= Parse tree =

Tree in formal language theory

Parse tree of the string "aab" with respect to the production rules $$\begin{matrix}\text{S}&\to&\text{AB}\\
 \text{A}&\to&\text{aA}\\
 \text{A}&\to&\varepsilon\\
 \text{B}&\to&\text{b}\end{matrix}$$

A parse tree or parsing tree (also known as a derivation tree or concrete syntax tree) is an ordered, rooted tree that represents the syntactic structure of a string according to some context-free grammar. The term parse tree itself is used primarily in computational linguistics; in theoretical syntax, the term syntax tree is more common.

Concrete syntax trees reflect the syntax of the input language, making them distinct from the abstract syntax trees used in computer programming. Unlike Reed-Kellogg sentence diagrams used for teaching grammar, parse trees do not use distinct symbol shapes for different types of constituents.

Parse trees are usually constructed based on either the constituency relation of constituency grammars (phrase structure grammars) or the dependency relation of dependency grammars. Parse trees may be generated for sentences in natural languages (see natural language processing), as well as during processing of computer languages, such as programming languages.

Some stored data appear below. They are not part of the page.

lemma burnable_if_card_less:
  assumes "finite_connected_graph V E" "V \<noteq> {}" "A \<noteq> {#}"
    and "card V < sum_mset A + Max (set_mset A)"
  shows "burnable V E A"
  using assms
proof (induction "size A" arbitrary: A V E rule: less_induct)
  case less
  interpret finite_connected_graph V E
    by (rule less.prems(1))
  define M where "M = Max (set_mset A)"
  have MA: "M \<in># A"
    unfolding M_def using less.prems(3) by simp
  show ?case
  proof (cases "A = {#M#}")
    case True
    then have "sum_mset A = M"
      by simp
    then have "card V < 2 * M"
      using less.prems(4) unfolding M_def by linarith
    then obtain v where "v \<in> V" "V \<subseteq> closed_nbhd V E (int M - 1) v"
      using center_of_small_graph less.prems(2) by blast
    then show ?thesis
      by (rule burnable_if_ball_covers[OF MA])
  next
    case False
    then have "A - {#M#} \<noteq> {#}"
      using MA by (metis add_mset_remove_trivial_If diff_single_trivial)
    then obtain a where a: "a \<in># A - {#M#}"
      by blast
    have aA: "a \<in># A"
      using a by (rule in_diffD)
    define B where "B = A - {#a#}"
    have A: "A = add_mset a B"
      unfolding B_def using aA by simp
    have "M \<in># B"
      using a MA unfolding B_def by (cases "a = M") (auto simp: in_diff_count)
    then have B: "B \<noteq> {#}" "Max (set_mset B) = M"
      using A unfolding M_def by (auto intro!: Max_eqI)
    have size_B: "size B < size A"
      using A by simp
    have card_V: "card V < a + (sum_mset B + Max (set_mset B))"
      using less.prems(4) A B(2) unfolding M_def by simp
    obtain r where r: "r \<in> V"
      using less.prems(2) by blast
    consider (zero) "a = 0" | (covered) "\<forall>y\<in>V. gdist E r y < a"
      | (far) y where "y \<in> V" "a \<le> gdist E r y" "1 \<le> a"
      by (metis less_one not_le)
    then show ?thesis
    proof cases
      case zero
      then have "burnable V E B"
        using less.hyps[OF size_B less.prems(1,2) B(1)] card_V by simp
      then show ?thesis
        unfolding A by (rule burnable_add_mset) (use r in auto)
    next
      case covered
      then have "V \<subseteq> closed_nbhd V E (int a - 1) r"
        using r relpowp_gdist[OF connected[OF r]] by (blast intro: mem_closed_nbhdI)
      with aA r show ?thesis
        by (rule burnable_if_ball_covers)
    next
      case far
      then obtain v p where v: "v \<in> V" "v \<noteq> r" and card_S: "a \<le> card (shadow r v)"
        and ball: "shadow r v \<subseteq> closed_nbhd V E (int a - 1) v"
        using large_shadow_in_ball[OF r] by metis
      let ?W = "V - shadow r v"
      have "shadow r v \<subseteq> V"
        unfolding shadow_def by blast
      then have "card ?W = card V - card (shadow r v)" "card (shadow r v) \<le> card V"
        using finite_vertices by (meson card_Diff_subset card_mono finite_subset)+
      then have "card ?W < sum_mset B + Max (set_mset B)"
        using card_V card_S by linarith
      moreover have "?W \<noteq> {}"
        using root_notin_shadow[OF r v(1)] v(2) r by blast
      moreover have "finite_connected_graph ?W (induced E ?W)"
        using shadow_complement_connected[OF r v(1)] v(2) by simp
      ultimately have "burnable ?W (induced E ?W) B"
        using less.hyps[OF size_B _ _ B(1)] by blast
      then show ?thesis
        unfolding A by (rule burnable_add_mset) (use v(1) ball in \<open>auto simp: induced_def\<close>)
    qed
  qed
qed

lemma finite_connected_graph_if_tree:
  assumes "tree V E"
  shows "finite_connected_graph V E"
proof
  have simple: "simple_graph V E" and conn: "connected_graph V E"
    using assms unfolding tree_def by auto
  then show "finite V" "E u v \<Longrightarrow> u \<in> V \<and> v \<in> V" "symp E" for u v
    unfolding simple_graph_def by (auto intro: sympI)
  fix u v assume "u \<in> V" "v \<in> V"
  then obtain xs where "walk E xs" "hd xs = u" "last xs = v"
    using conn unfolding connected_graph_def by blast
  moreover have "length xs = Suc (length xs - 1)"
    using \<open>walk E xs\<close> by (simp add: walk_def)
  ultimately have "(E ^^ (length xs - 1)) u v"
    unfolding walk_iff_relpowp[symmetric] by blast
  then show "E\<^sup>*\<^sup>* u v"
    by (rule relpowp_imp_rtranclp)
qed

theorem lemma1:
  fixes V :: "'a set" and E :: "'a \<Rightarrow> 'a \<Rightarrow> bool" and A :: "nat multiset"
  assumes "A \<noteq> {#}"
    and "tree V E"
    and "int (card V) \<le> int (sum_mset A) + int (Max (set_mset A)) - 1"
  shows "burnable V E A"
proof (rule burnable_if_card_less)
  show "finite_connected_graph V E"
    using assms(2) by (rule finite_connected_graph_if_tree)
  show "V \<noteq> {}"
    using assms(2) unfolding tree_def by simp
  show "card V < sum_mset A + Max (set_mset A)"
    using assms(3) by linarith
qed (rule assms(1))

end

A related concept is that of phrase marker or P-marker, as used in transformational generative grammar. A phrase marker is a linguistic expression marked as to its phrase structure. This may be presented in the form of a tree, or as a bracketed expression. Phrase markers are generated by applying phrase structure rules, and themselves are subject to further transformational rules. A set of possible parse trees for a syntactically ambiguous sentence is called a "parse forest".

==History==

A form of parse tree was in use as early as 1879 in Gottlob Frege's Begriffsschrift book.
==Nomenclature==

A simple parse tree

A parse tree is made up of nodes and branches. In the picture the parse tree is the entire structure, starting from S and ending in each of the leaf nodes (John, ball, the, hit). In a parse tree, each node is either a root node, a branch node, or a leaf node. In the above example, S is a root node, NP and VP are branch nodes, while John, ball, the, and hit are all leaf nodes.

Nodes can also be referred to as parent nodes and child nodes. A parent node is one which has at least one other node linked by a branch under it. In the example, S is a parent of both NP and VP. A child node is one which has at least one node directly above it to which it is linked by a branch of the tree. Again from our example, hit is a child node of V.

A nonterminal function is a function (node) which is either a root or a branch in that tree whereas a terminal function is a function (node) in a parse tree which is a leaf.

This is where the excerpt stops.